Action item: Among the entries below, take the line with "connected_graph adj \<and>" and the line with "C I \<longleftrightarrow>", and output them and every line between them exactly, with nothing else.

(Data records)

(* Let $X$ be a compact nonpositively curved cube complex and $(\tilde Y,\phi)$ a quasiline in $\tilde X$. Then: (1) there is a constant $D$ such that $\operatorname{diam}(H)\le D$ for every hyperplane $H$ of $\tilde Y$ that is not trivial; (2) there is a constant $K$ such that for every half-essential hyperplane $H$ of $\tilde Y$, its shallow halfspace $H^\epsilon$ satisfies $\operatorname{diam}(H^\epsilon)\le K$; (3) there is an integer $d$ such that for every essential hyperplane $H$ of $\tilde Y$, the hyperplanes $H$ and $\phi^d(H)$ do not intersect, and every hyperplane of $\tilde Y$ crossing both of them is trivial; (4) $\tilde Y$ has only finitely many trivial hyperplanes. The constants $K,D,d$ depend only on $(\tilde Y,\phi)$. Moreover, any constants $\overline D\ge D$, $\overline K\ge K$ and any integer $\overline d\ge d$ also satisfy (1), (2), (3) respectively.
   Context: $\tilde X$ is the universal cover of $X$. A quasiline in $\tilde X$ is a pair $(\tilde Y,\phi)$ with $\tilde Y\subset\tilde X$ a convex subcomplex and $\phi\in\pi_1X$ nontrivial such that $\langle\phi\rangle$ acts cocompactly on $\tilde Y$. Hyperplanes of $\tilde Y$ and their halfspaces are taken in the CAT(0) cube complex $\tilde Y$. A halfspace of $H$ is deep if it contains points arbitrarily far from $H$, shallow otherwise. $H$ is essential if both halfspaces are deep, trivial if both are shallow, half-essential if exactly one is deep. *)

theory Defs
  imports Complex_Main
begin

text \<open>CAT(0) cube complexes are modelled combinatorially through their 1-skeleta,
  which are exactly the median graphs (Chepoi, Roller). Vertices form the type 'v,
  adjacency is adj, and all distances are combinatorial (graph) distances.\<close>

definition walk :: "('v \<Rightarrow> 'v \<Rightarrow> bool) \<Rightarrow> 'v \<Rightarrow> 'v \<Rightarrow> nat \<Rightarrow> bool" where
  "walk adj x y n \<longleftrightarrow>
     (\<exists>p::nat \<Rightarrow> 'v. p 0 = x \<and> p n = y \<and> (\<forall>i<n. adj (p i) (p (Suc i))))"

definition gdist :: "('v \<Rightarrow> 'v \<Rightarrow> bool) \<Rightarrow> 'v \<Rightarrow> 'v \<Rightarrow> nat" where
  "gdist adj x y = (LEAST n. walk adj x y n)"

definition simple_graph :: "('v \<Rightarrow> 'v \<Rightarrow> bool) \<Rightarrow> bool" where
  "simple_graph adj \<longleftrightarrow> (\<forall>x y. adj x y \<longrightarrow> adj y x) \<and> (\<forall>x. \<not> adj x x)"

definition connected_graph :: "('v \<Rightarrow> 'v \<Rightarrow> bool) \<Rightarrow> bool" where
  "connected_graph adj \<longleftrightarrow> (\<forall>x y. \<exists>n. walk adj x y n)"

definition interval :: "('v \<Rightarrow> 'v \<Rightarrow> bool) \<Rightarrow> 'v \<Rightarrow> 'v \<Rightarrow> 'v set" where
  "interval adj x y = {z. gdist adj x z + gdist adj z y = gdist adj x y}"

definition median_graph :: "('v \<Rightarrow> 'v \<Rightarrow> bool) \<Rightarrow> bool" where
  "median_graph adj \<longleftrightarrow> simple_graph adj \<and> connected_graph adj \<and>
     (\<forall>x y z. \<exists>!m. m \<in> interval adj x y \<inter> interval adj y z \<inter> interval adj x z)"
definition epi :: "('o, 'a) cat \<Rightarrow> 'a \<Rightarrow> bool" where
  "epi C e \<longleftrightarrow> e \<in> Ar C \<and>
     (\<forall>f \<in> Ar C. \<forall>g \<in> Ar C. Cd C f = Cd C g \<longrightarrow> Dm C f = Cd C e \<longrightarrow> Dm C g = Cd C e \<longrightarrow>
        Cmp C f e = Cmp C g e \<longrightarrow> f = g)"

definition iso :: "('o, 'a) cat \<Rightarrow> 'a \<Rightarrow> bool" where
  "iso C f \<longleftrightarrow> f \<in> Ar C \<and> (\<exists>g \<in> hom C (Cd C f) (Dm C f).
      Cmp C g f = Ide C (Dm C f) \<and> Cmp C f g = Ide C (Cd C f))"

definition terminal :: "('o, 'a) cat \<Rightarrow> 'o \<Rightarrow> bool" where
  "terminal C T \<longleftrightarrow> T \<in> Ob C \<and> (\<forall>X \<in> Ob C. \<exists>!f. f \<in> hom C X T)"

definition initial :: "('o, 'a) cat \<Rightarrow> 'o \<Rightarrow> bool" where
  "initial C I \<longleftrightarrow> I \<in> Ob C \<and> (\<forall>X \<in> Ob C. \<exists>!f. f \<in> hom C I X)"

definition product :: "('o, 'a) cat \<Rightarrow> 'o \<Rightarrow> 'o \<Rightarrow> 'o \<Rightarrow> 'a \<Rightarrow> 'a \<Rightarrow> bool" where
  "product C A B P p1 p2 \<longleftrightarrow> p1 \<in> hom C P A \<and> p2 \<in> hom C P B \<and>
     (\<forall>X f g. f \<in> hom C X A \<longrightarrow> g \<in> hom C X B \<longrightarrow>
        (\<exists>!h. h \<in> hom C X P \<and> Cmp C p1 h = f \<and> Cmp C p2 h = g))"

Your solution:
  "median_graph adj \<longleftrightarrow> simple_graph adj \<and> connected_graph adj \<and>
     (\<forall>x y z. \<exists>!m. m \<in> interval adj x y \<inter> interval adj y z \<inter> interval adj x z)"
definition epi :: "('o, 'a) cat \<Rightarrow> 'a \<Rightarrow> bool" where
  "epi C e \<longleftrightarrow> e \<in> Ar C \<and>
     (\<forall>f \<in> Ar C. \<forall>g \<in> Ar C. Cd C f = Cd C g \<longrightarrow> Dm C f = Cd C e \<longrightarrow> Dm C g = Cd C e \<longrightarrow>
        Cmp C f e = Cmp C g e \<longrightarrow> f = g)"

definition iso :: "('o, 'a) cat \<Rightarrow> 'a \<Rightarrow> bool" where
  "iso C f \<longleftrightarrow> f \<in> Ar C \<and> (\<exists>g \<in> hom C (Cd C f) (Dm C f).
      Cmp C g f = Ide C (Dm C f) \<and> Cmp C f g = Ide C (Cd C f))"

definition terminal :: "('o, 'a) cat \<Rightarrow> 'o \<Rightarrow> bool" where
  "terminal C T \<longleftrightarrow> T \<in> Ob C \<and> (\<forall>X \<in> Ob C. \<exists>!f. f \<in> hom C X T)"

definition initial :: "('o, 'a) cat \<Rightarrow> 'o \<Rightarrow> bool" where
  "initial C I \<longleftrightarrow> I \<in> Ob C \<and> (\<forall>X \<in> Ob C. \<exists>!f. f \<in> hom C I X)"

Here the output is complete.